Pelvic fascial spaces (key surgical/anatomical spaces)

  • Prevesical: between the pubic symphysis and bladder; important in extraperitoneal bladder injuries.
  • Retrorectal (presacral): between rectum and sacrum; potential site for abscesses or tumors.
  • Lateral: between parietal pelvic fascia and sagittal septum; lateral spread of disease.
  • Paravesical: visceral space around the bladder.
  • Pararectal: visceral space around the rectum.
  • Paraprostatic / Parametrial: surrounding prostate in males or uterus in females; relevant in radical pelvic surgery.

Key anastomoses (high yield)

  • Porto-caval anastomoses (4 clinically important sites):
  • Esophageal: left gastric (portal) ↔ esophageal veins → azygos (caval).
    • Clinical: esophageal varices with portal hypertension.
  • Rectal: superior rectal (portal) ↔ middle/inferior rectal (caval).
    • Clinical: internal hemorrhoids from portal hypertension.
  • Paraumbilical: paraumbilical veins (portal) ↔ superficial epigastric (caval).
    • Clinical: caput medusae around the umbilicus.
  • Retroperitoneal (colic): colic veins (portal) ↔ lumbar veins (caval).

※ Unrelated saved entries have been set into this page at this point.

(* Let $X$ be a Banach space with a Schauder basis $(e_i)_i$. For every $T\in\mathbb{R} I\oplus\mathcal{K}_\mathrm{diag}(X)$ and $i\in\mathbb{N}$ set $\lambda_{T,i}=e_i^*(Te_i)$; the limit $\lambda_{T,\omega}=\lim_i\lambda_{T,i}$ exists. For every closed subset $L$ of $[1,\omega]$ define $\mathcal{A}_L=\{T\in\mathbb{R} I\oplus\mathcal{K}_\mathrm{diag}(X):\lambda_{T,\kappa}=0\text{ for all }\kappa\in L\}$. Then the closed ideals of $\mathbb{R} I\oplus\mathcal{K}_\mathrm{diag}(X)$ are precisely the spaces $\mathcal{A}_L$, $L$ ranging over the closed subsets of $[1,\omega]$.
   Context: $(e_i^* )_i$ are the biorthogonal functionals. $T\in\mathcal{L}(X)$ is diagonal if $e_j^*(Te_i)=0$ for $i\ne j$; $\mathcal{K}_\mathrm{diag}(X)$ is the space of compact diagonal operators, and $\mathbb{R} I\oplus\mathcal{K}_\mathrm{diag}(X)$ is the unital Banach algebra (composition, operator norm) of operators $\lambda I+K$, $\lambda\in\mathbb{R}$, $K\in\mathcal{K}_\mathrm{diag}(X)$. $[1,\omega]=\{1,2,3,\dots\}\cup\{\omega\}$ carries the order topology (the one-point compactification of $\mathbb{N}$). *)

theory Defs
  imports "HOL-Analysis.Analysis"
begin

definition schauder_basis :: "(nat \<Rightarrow> 'a::banach) \<Rightarrow> bool" where
  "schauder_basis e \<longleftrightarrow> (\<forall>x. \<exists>!a::nat \<Rightarrow> real. (\<lambda>n. a n *\<^sub>R e n) sums x)"

definition coord :: "(nat \<Rightarrow> 'a::banach) \<Rightarrow> nat \<Rightarrow> 'a \<Rightarrow> real" where
  "coord e i x = (THE a::nat \<Rightarrow> real. (\<lambda>n. a n *\<^sub>R e n) sums x) i"

definition diagonal_op :: "(nat \<Rightarrow> 'a::banach) \<Rightarrow> ('a \<Rightarrow>\<^sub>L 'a) \<Rightarrow> bool" where
  "diagonal_op e T \<longleftrightarrow> (\<forall>i j. i \<noteq> j \<longrightarrow> coord e j (blinfun_apply T (e i)) = 0)"

definition compact_op :: "('a::banach \<Rightarrow>\<^sub>L 'a) \<Rightarrow> bool" where
  "compact_op K \<longleftrightarrow> compact (closure (blinfun_apply K ` ball 0 1))"

definition diag_alg :: "(nat \<Rightarrow> 'a::banach) \<Rightarrow> ('a \<Rightarrow>\<^sub>L 'a) set" where
  "diag_alg e = {c *\<^sub>R id_blinfun + K | c K. compact_op K \<and> diagonal_op e K}"

definition lam :: "(nat \<Rightarrow> 'a::banach) \<Rightarrow> ('a \<Rightarrow>\<^sub>L 'a) \<Rightarrow> nat \<Rightarrow> real" where
  "lam e T i = coord e i (blinfun_apply T (e i))"

text \<open>lambda_{T,kappa} for kappa in [0,omega] (= enat, carrying its order topology);
  at infinity it is the limit of the diagonal entries.\<close>
definition lam_ext :: "(nat \<Rightarrow> 'a::banach) \<Rightarrow> ('a \<Rightarrow>\<^sub>L 'a) \<Rightarrow> enat \<Rightarrow> real" where
  "lam_ext e T k = (case k of enat i \<Rightarrow> lam e T i | \<infinity> \<Rightarrow> lim (lam e T))"

definition A_L :: "(nat \<Rightarrow> 'a::banach) \<Rightarrow> enat set \<Rightarrow> ('a \<Rightarrow>\<^sub>L 'a) set" where
  "A_L e L = {T \<in> diag_alg e. \<forall>k\<in>L. lam_ext e T k = 0}"

definition closed_ideal_of :: "('a::banach \<Rightarrow>\<^sub>L 'a) set \<Rightarrow> ('a \<Rightarrow>\<^sub>L 'a) set \<Rightarrow> bool" where
  "closed_ideal_of A J \<longleftrightarrow> J \<subseteq> A \<and> subspace J \<and> closed J \<and>
     (\<forall>S\<in>A. \<forall>T\<in>J. S o\<^sub>L T \<in> J \<and> T o\<^sub>L S \<in> J)"

end

theory Submission
  imports Defs
begin

text \<open>
  An operator \<open>T = c I + K\<close> of the algebra has diagonal entries \<open>c + \<lambda>\<^sub>i(K)\<close>, and the
  entries of a compact diagonal \<open>K\<close> tend to \<open>0\<close>, since \<open>K\<close> maps the normalised basis vectors
  into a compact set while their images converge to \<open>0\<close> coordinatewise; hence \<open>\<lambda>\<^sub>\<omega>(T) = c\<close>.
  Every \<open>T \<mapsto> \<lambda>\<^sub>\<kappa>(T)\<close> is a multiplicative linear functional, Lipschitz because the basis
  projections \<open>P\<^sub>n\<close> are uniformly bounded (the open mapping theorem, applied to the complete
  norm \<open>sup\<^sub>n \<parallel>P\<^sub>n x\<parallel>\<close>), so each \<open>A_L\<close> is a closed ideal.

  Conversely, let \<open>L\<close> be the common zero set of a closed ideal \<open>J\<close>; it is closed because
  \<open>\<lambda>\<^sub>i(T) \<longrightarrow> \<lambda>\<^sub>\<omega>(T)\<close>. If \<open>\<lambda>\<^sub>i(T) \<noteq> 0\<close> for some \<open>T \<in> J\<close>, then \<open>J\<close> contains the coordinate
  projection \<open>Q\<^sub>i = \<lambda>\<^sub>i(T)\<inverse> Q\<^sub>i T\<close>. A compact diagonal \<open>K\<close> vanishing on \<open>L\<close> is the norm limit of
  \<open>P\<^sub>n K = \<Sum>\<^sub>i\<^sub><\<^sub>n \<lambda>\<^sub>i(K) Q\<^sub>i \<in> J\<close>, and a general element of \<open>A_L\<close> is reduced to this case by
  subtracting a multiple of an element of \<open>J\<close> with \<open>\<lambda>\<^sub>\<omega> \<noteq> 0\<close>.
\<close>

section \<open>A complete norm dominating a Banach norm is equivalent to it\<close>

lemma Baire_sublevel_closure_ball:
  fixes f :: "'a::banach \<Rightarrow> real"
  obtains k :: nat and x0 r where "r > 0" "ball x0 r \<subseteq> closure {x. f x \<le> k}"
proof -
  define F where "F k = closure {x. f x \<le> real k}" for k
  have "\<exists>k. euclidean interior_of F k \<noteq> {}"
  proof (rule ccontr)
    assume "\<nexists>k. euclidean interior_of F k \<noteq> {}"
    then have "euclidean interior_of \<Union>(range F) = {}"
      by (intro Baire_category_alt) (auto simp: completely_metrizable_space_euclidean F_def)
    moreover have "x \<in> F (nat \<lceil>f x\<rceil>)" for x
      unfolding F_def by (rule closure_subset[THEN subsetD]) (simp add: real_nat_ceiling_ge)
    then have "\<Union>(range F) = UNIV" by blast
    ultimately show False by simp
  qed
  then obtain k x0 where "x0 \<in> interior (F k)" by auto
  then obtain r where "r > 0" "ball x0 r \<subseteq> F k" using mem_interior by blast
  then show ?thesis using that unfolding F_def by blast
qed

    • Clinical: possible retroperitoneal bleeding manifestations.
  • Caval–caval (systemic) anastomosis:

  • Lumbar veins ↔ ascending lumbar veins → azygos/hemiazygos → superior vena cava; provides collateral flow when IVC is obstructed.

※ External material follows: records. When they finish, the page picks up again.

theorem lemma8p2:
  fixes M :: "'a measure" and E :: "'a set"
    and Fs :: "nat \<Rightarrow> 'a \<Rightarrow> real ^ 3" and F :: "'a \<Rightarrow> real ^ 3" and \<theta> :: real
  assumes E_meas: "E \<in> sets M" and E_fin: "emeasure M E < \<infinity>"
    and Fs_Lp: "\<And>n. in_Lp_on M E (3/2) (Fs n)"
    and Fs_bdd: "\<exists>C. \<forall>n. (LINT x:E|M. norm (Fs n x) powr (3/2)) \<le> C"
    and F_Lp: "in_Lp_on M E (3/2) F"
    and theta_pos: "\<theta> > 0"
    and G_L1: "\<And>n. set_integrable M E
        (\<lambda>x. (inner (halfweight (Fs n x) - halfweight (F x)) (Fs n x - F x)) powr \<theta>)"
    and G_lim: "(\<lambda>n. LINT x:E|M.
        \<bar>(inner (halfweight (Fs n x) - halfweight (F x)) (Fs n x - F x)) powr \<theta>\<bar>)
        \<longlonglongrightarrow> 0"
  shows "\<forall>p::real. 1 \<le> p \<and> p < 3/2 \<longrightarrow>
           (\<lambda>n. LINT x:E|M. norm (Fs n x - F x) powr p) \<longlonglongrightarrow> 0"
proof (intro allI impI)
  fix p :: real
  assume p: "1 \<le> p \<and> p < 3/2"
  obtain C where C: "\<And>n. (LINT x:E|M. norm (Fs n x) powr (3/2)) \<le> C"
    using Fs_bdd by auto
  show "(\<lambda>n. LINT x:E|M. norm (Fs n x - F x) powr p) \<longlonglongrightarrow> 0"
  proof (rule tendsto_zero_if_le_small_plus_multiple)
    fix \<eta> :: real
    assume \<eta>: "0 < \<eta>"
    obtain c where c: "\<And>a b :: real^3. norm (a - b) powr p
        \<le> \<eta> * (1 + norm a powr (3/2) + norm b powr (3/2))
          + c * inner (halfweight a - halfweight b) (a - b) powr \<theta>"
      by (rule norm_diff_powr_le_halfweight_defect[OF _ _ theta_pos \<eta>]) (use p in auto)
    have "(LINT x:E|M. norm (Fs n x - F x) powr p)
        \<le> \<eta> * (measure M E + C + (LINT x:E|M. norm (F x) powr (3/2)))
          + c * (LINT x:E|M. inner (halfweight (Fs n x) - halfweight (F x)) (Fs n x - F x) powr \<theta>)"
      for n
    proof -
      have "\<eta> * (measure M E + (LINT x:E|M. norm (Fs n x) powr (3/2)) + (LINT x:E|M. norm (F x) powr (3/2)))
          \<le> \<eta> * (measure M E + C + (LINT x:E|M. norm (F x) powr (3/2)))"
        using C[of n] \<eta> by (intro mult_left_mono) auto
      then show ?thesis
        using set_integral_norm_diff_powr_le[OF E_meas E_fin Fs_Lp F_Lp G_L1 c, of n] by linarith
    qed
    then show "\<exists>c. \<forall>n. (LINT x:E|M. norm (Fs n x - F x) powr p)
        \<le> \<eta> * (measure M E + C + (LINT x:E|M. norm (F x) powr (3/2)))
          + c * (LINT x:E|M. inner (halfweight (Fs n x) - halfweight (F x)) (Fs n x - F x) powr \<theta>)"
      by blast
  qed (use G_lim in \<open>simp_all add: set_integral_nonneg\<close>)
qed

end
(* Let $n\ge 7$ with $3\nmid n$, $\zeta_n=e^{2\pi i/n}$, $K=\mathbb{Q}(\zeta_n)$, and let $J=\{0,1,3\}$ or $J=\{0,2,3\}$, written $J=\{j_1<j_2<j_3\}$. Let $G$ be the $3\times n$ matrix over $K$ with $G_{i,l}=\zeta_n^{j_i(l-1)}$ ($1\le i\le 3$, $1\le l\le n$). Let $P_{\mathrm{bad}}$ be the set of rational primes $p$ dividing $|N_{K/\mathbb{Q}}(\Delta)|$ for some non-zero determinant $\Delta$ of a $3\times 3$ submatrix of $G$. Let $p\notin P_{\mathrm{bad}}$ be a prime with $p\nmid n$, $\mathfrak{p}$ a prime ideal of $\mathbb{Z}[\zeta_n]$ lying above $p$, $\rho:\mathbb{Z}[\zeta_n]\to\mathbb{Z}[\zeta_n]/\mathfrak{p}\cong\mathbb{F}_{p^f}$ the reduction map ($f$ the multiplicative order of $p$ modulo $n$), and $\overline{G}=\rho(G)$. Then the code generated by $\overline{G}$ is a cyclic MDS code of length $n$ and dimension $3$ over $\mathbb{F}_{p^f}$ that is of non-RS type.
   Context: A linear $[n,k]$ code is MDS if its minimum distance is $n-k+1$; cyclic means invariant under cyclic shift of coordinates. A code is of RS type if it is equivalent (change of generator matrix, column permutation, non-zero column scaling) to a generalized Reed–Solomon code with generator matrix $(v_j x_j^{i-1})$, $x_j$ distinct, $v_j\neq 0$; otherwise it is of non-RS type. $N_{K/\mathbb{Q}}$ is the field norm. *)

theory Defs
  imports Complex_Main "HOL-Library.Function_Algebras"
    "HOL-Computational_Algebra.Polynomial" "HOL-Number_Theory.Number_Theory" "HOL-Combinatorics.Permutations"
begin

definition zeta :: "nat \<Rightarrow> complex" where
  "zeta n = cis (2 * pi / real n)"

definition Zzeta :: "nat \<Rightarrow> complex set" where
  "Zzeta n = {poly (map_poly of_int g) (zeta n) | g :: int poly. True}"

text \<open>Matrix G with entries z^(j_i * l), rows i = 0,1,2, columns l = 0..n-1
  (0-indexed version of zeta^(j_i (l-1))).\<close>
definition Gmat :: "nat list \<Rightarrow> 'b::comm_ring_1 \<Rightarrow> nat \<Rightarrow> nat \<Rightarrow> 'b" where
  "Gmat js z i l = z ^ (js ! i * l)"

definition det3 :: "(nat \<Rightarrow> nat \<Rightarrow> 'b::comm_ring_1) \<Rightarrow> 'b" where
  "det3 M = M 0 0 * (M 1 1 * M 2 2 - M 1 2 * M 2 1)
          - M 0 1 * (M 1 0 * M 2 2 - M 1 2 * M 2 0)
          + M 0 2 * (M 1 0 * M 2 1 - M 1 1 * M 2 0)"

definition minor3 :: "nat list \<Rightarrow> 'b::comm_ring_1 \<Rightarrow> nat \<Rightarrow> nat \<Rightarrow> nat \<Rightarrow> 'b" where
  "minor3 js z a b c = det3 (\<lambda>i k. Gmat js z i ([a, b, c] ! k))"

text \<open>Field norm N_{K/Q} of the minor: product of its Galois conjugates
  sigma_k (zeta_n \<mapsto> zeta_n^k), k coprime to n.\<close>
definition minor_norm :: "nat \<Rightarrow> nat list \<Rightarrow> nat \<Rightarrow> nat \<Rightarrow> nat \<Rightarrow> complex" where
  "minor_norm n js a b c = (\<Prod>k\<in>{k. k < n \<and> coprime k n}. minor3 js (zeta n ^ k) a b c)"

Quick reference — vertebral levels (common landmarks)

  • SMA origin: L1.
  • Cardia of stomach (posterior surface): ~T11.
  • Pylorus (posterior surface): ~L1.
  • Duodenojejunal flexure: ~L2.
  • Kidney hilum: ~L1–L2.
  • Pancreas (neck/body region): ~L1–L2.
  • Aortic bifurcation: L4.

Quick reference — peritoneal coverings (common abdominal organs)

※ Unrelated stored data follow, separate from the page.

lemma satisfies_prolonged_quotient_alg:
  assumes "is_alg ar A" and "congruence ar A \<theta>" and "wf_trm ar t" and "satisfies_prolonged ar t A"
  shows "satisfies_prolonged ar t (quotient_alg A \<theta>)"
  unfolding satisfies_prolonged_def
proof clarify
  fix p q
  assume pq: "(p, q) \<in> regular_ids ar"
  then have "wf_trm ar (subst_trm (\<lambda>i. if i = 1 then p else q) t)" "wf_trm ar p"
    using assms(3) by (auto simp: regular_ids_def intro!: wf_trm_subst_trm)
  moreover have "satisfies A (subst_trm (\<lambda>i. if i = 1 then p else q) t, p)"
    using bspec[OF assms(4)[unfolded satisfies_prolonged_def] pq] by simp
  ultimately show "satisfies (quotient_alg A \<theta>) (subst_trm (\<lambda>i. if i = 1 then p else q) t, p)"
    using assms(1,2) satisfies_quotient_alg by blast
qed

section \<open>Free algebras\<close>

lemma is_alg_term_alg: "is_alg ar (term_alg ar X)"
  unfolding is_alg_def term_alg_def by auto

lemma congruence_eq_cons:
  "congruence ar (term_alg ar X)
    {(s, u). s \<in> carrier (term_alg ar X) \<and> u \<in> carrier (term_alg ar X) \<and> eq_cons ar \<Sigma> s u}"
  (is "congruence ar ?T ?E")
proof -
  have "equiv (carrier ?T) ?E"
  proof (rule equivI)
    show "?E \<subseteq> carrier ?T \<times> carrier ?T"
      by auto
    show "refl_on (carrier ?T) ?E"
      by (rule refl_onI) (auto simp: term_alg_def intro: eq_cons.refl)
    show "sym ?E"
      by (rule symI) (simp add: eq_cons.sym)
    show "trans ?E"
      by (rule transI) (use eq_cons.trans in blast)
  qed
  moreover have "(ops ?T f as, ops ?T f bs) \<in> ?E"
    if "length as = ar f" "length bs = ar f" "set as \<subseteq> carrier ?T" "set bs \<subseteq> carrier ?T"
      and "list_all2 (\<lambda>a b. (a, b) \<in> ?E) as bs" for f as bs
  proof -
    have "list_all2 (eq_cons ar \<Sigma>) as bs"
      using that(5) by (rule list_all2_mono) simp
    then have "eq_cons ar \<Sigma> (Fun f as) (Fun f bs)"
      using that(1) by (rule eq_cons.cong[rotated])
    with that(1-4) show ?thesis
      by (auto simp: term_alg_def)
  qed
  ultimately show ?thesis
    unfolding congruence_def by blast
qed

lemma is_alg_free_alg: "is_alg ar (free_alg ar \<Sigma> X)"
  unfolding free_alg_def using is_alg_term_alg congruence_eq_cons by (rule is_alg_quotient_alg)

lemma free_alg_satisfies:
  assumes "(u, v) \<in> \<Sigma>" and "wf_trm ar u" and "wf_trm ar v"
  shows "satisfies (free_alg ar \<Sigma> X) (u, v)"
  unfolding satisfies_def
proof (intro allI impI)
  let ?T = "term_alg ar X"
  let ?E = "{(s, u). s \<in> carrier ?T \<and> u \<in> carrier ?T \<and> eq_cons ar \<Sigma> s u}"
  let ?V = "vars_trm u \<union> vars_trm v"
  fix g
  assume "\<forall>y\<in>vars_trm (fst (u, v)) \<union> vars_trm (snd (u, v)). g y \<in> carrier (free_alg ar \<Sigma> X)"
  then have "\<forall>y\<in>?V. g y \<in> carrier ?T // ?E"
    by (simp add: free_alg_def quotient_alg_def)
  then obtain h where h: "\<forall>y\<in>?V. h y \<in> carrier ?T" and g: "\<forall>y\<in>?V. g y = ?E `` {h y}"
    using quotient_assignment_lift[OF congruence_equiv[OF congruence_eq_cons]] by blast
  \<comment> \<open>Extend h to all variables by well-formed terms, as the rule of substitution requires.\<close>
  define h' where "h' y = (if y \<in> ?V then h y else Var undefined)" for y
  have "eq_cons ar \<Sigma> (subst_trm h' u) (subst_trm h' v)"
    using assms(1) h by (intro eq_cons.ax) (auto simp: h'_def term_alg_def)
  moreover have "subst_trm h' u = eval_trm ?T h u" "subst_trm h' v = eval_trm ?T h v"
    by (auto simp: eval_trm_term_alg h'_def intro!: subst_trm_cong)
  moreover have "eval_trm ?T h u \<in> carrier ?T" "eval_trm ?T h v \<in> carrier ?T"
    using assms(2,3) h by (auto intro!: eval_trm_closed[OF is_alg_term_alg])
  ultimately have "?E `` {eval_trm ?T h u} = ?E `` {eval_trm ?T h v}"
    using congruence_equiv[OF congruence_eq_cons] by (intro equiv_class_eq) auto
  moreover have "eval_trm (free_alg ar \<Sigma> X) g u = ?E `` {eval_trm ?T h u}"
    unfolding free_alg_def using h g
    by (intro eval_trm_quotient_alg[OF congruence_eq_cons is_alg_term_alg assms(2)]) auto
  moreover have "eval_trm (free_alg ar \<Sigma> X) g v = ?E `` {eval_trm ?T h v}"
    unfolding free_alg_def using h g
    by (intro eval_trm_quotient_alg[OF congruence_eq_cons is_alg_term_alg assms(3)]) auto
  ultimately show "eval_trm (free_alg ar \<Sigma> X) g (fst (u, v)) = eval_trm (free_alg ar \<Sigma> X) g (snd (u, v))"
    by simp
qed
(* Let $G=(V,E)$ be a transitive and finite directed graph which is not a cycle. Let $e_0\in E$ be such that $r(e_0)$ has in-degree $1$. Then: (i) $e_0$ is not a loop; (ii) the edge contraction $G/e_0$ has one fewer vertex of in-degree $1$ than $G$ has; (iii) $G/e_0$ is a finite transitive directed graph which is not a cycle.
   Context: A directed graph $G=(V,E,r,s)$; the in-degree of $v$ is $|r^{-1}(v)|$; a loop is an edge $e$ with $r(e)=s(e)$. $G$ is transitive if there is a path between any two vertices. "$G$ is a cycle" means $G$ is the $n$-cycle graph for some $n\ge1$ (vertices $v_1,\dots,v_n$, exactly one edge from $v_i$ to $v_{i+1}$, indices mod $n$). The edge contraction $G/e$ is obtained by removing the edge $e$ and identifying $s(e)$ and $r(e)$; when $r(e)\ne s(e)$ this is done by removing the vertex $r(e)$ and changing every edge with source (resp. range) $r(e)$ to have source (resp. range) $s(e)$. *)

theory Defs
  imports Main
begin

text \<open>A directed graph G = (V, E, r, s): vertices V, edges E, range map r, source map s.
  Multiple edges and loops are allowed.\<close>

definition dgraph :: "'v set \<Rightarrow> 'e set \<Rightarrow> ('e \<Rightarrow> 'v) \<Rightarrow> ('e \<Rightarrow> 'v) \<Rightarrow> bool" where
  "dgraph V E r s \<longleftrightarrow> (\<forall>e\<in>E. r e \<in> V \<and> s e \<in> V)"

definition finite_dgraph :: "'v set \<Rightarrow> 'e set \<Rightarrow> ('e \<Rightarrow> 'v) \<Rightarrow> ('e \<Rightarrow> 'v) \<Rightarrow> bool" where
  "finite_dgraph V E r s \<longleftrightarrow> dgraph V E r s \<and> finite V \<and> finite E"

  • Intraperitoneal (mobile, with mesentery): stomach, jejunum, ileum, transverse colon, appendix (with mesoappendix), cecum (usually intraperitoneal).
  • Mesoperitoneal (partially covered / attached): liver (except the bare area), gallbladder, ascending colon (mesoperitoneal), sigmoid often intraperitoneal.
  • Retroperitoneal (secondarily retroperitoneal / fixed): most of the duodenum (except bulb and flexure), ascending and descending colon (posteriorly fixed by Toldt's fascia), pancreas (mostly retroperitoneal except tail).

  • Clinical tip: organs that are intraperitoneal are more mobile and have mesenteries; retroperitoneal organs have posterior attachments and less mobility.

Practical mnemonics & surgical relevance

  • Toldt's fascia is a useful plane for colon mobilization during colectomy.
  • Remember the four porto-caval sites for complications of portal hypertension: esophageal, rectal, paraumbilical, retroperitoneal.
  • Alcock's canal = location of pudendal neurovascular bundle; important for regional anesthesia and pudendal nerve entrapment.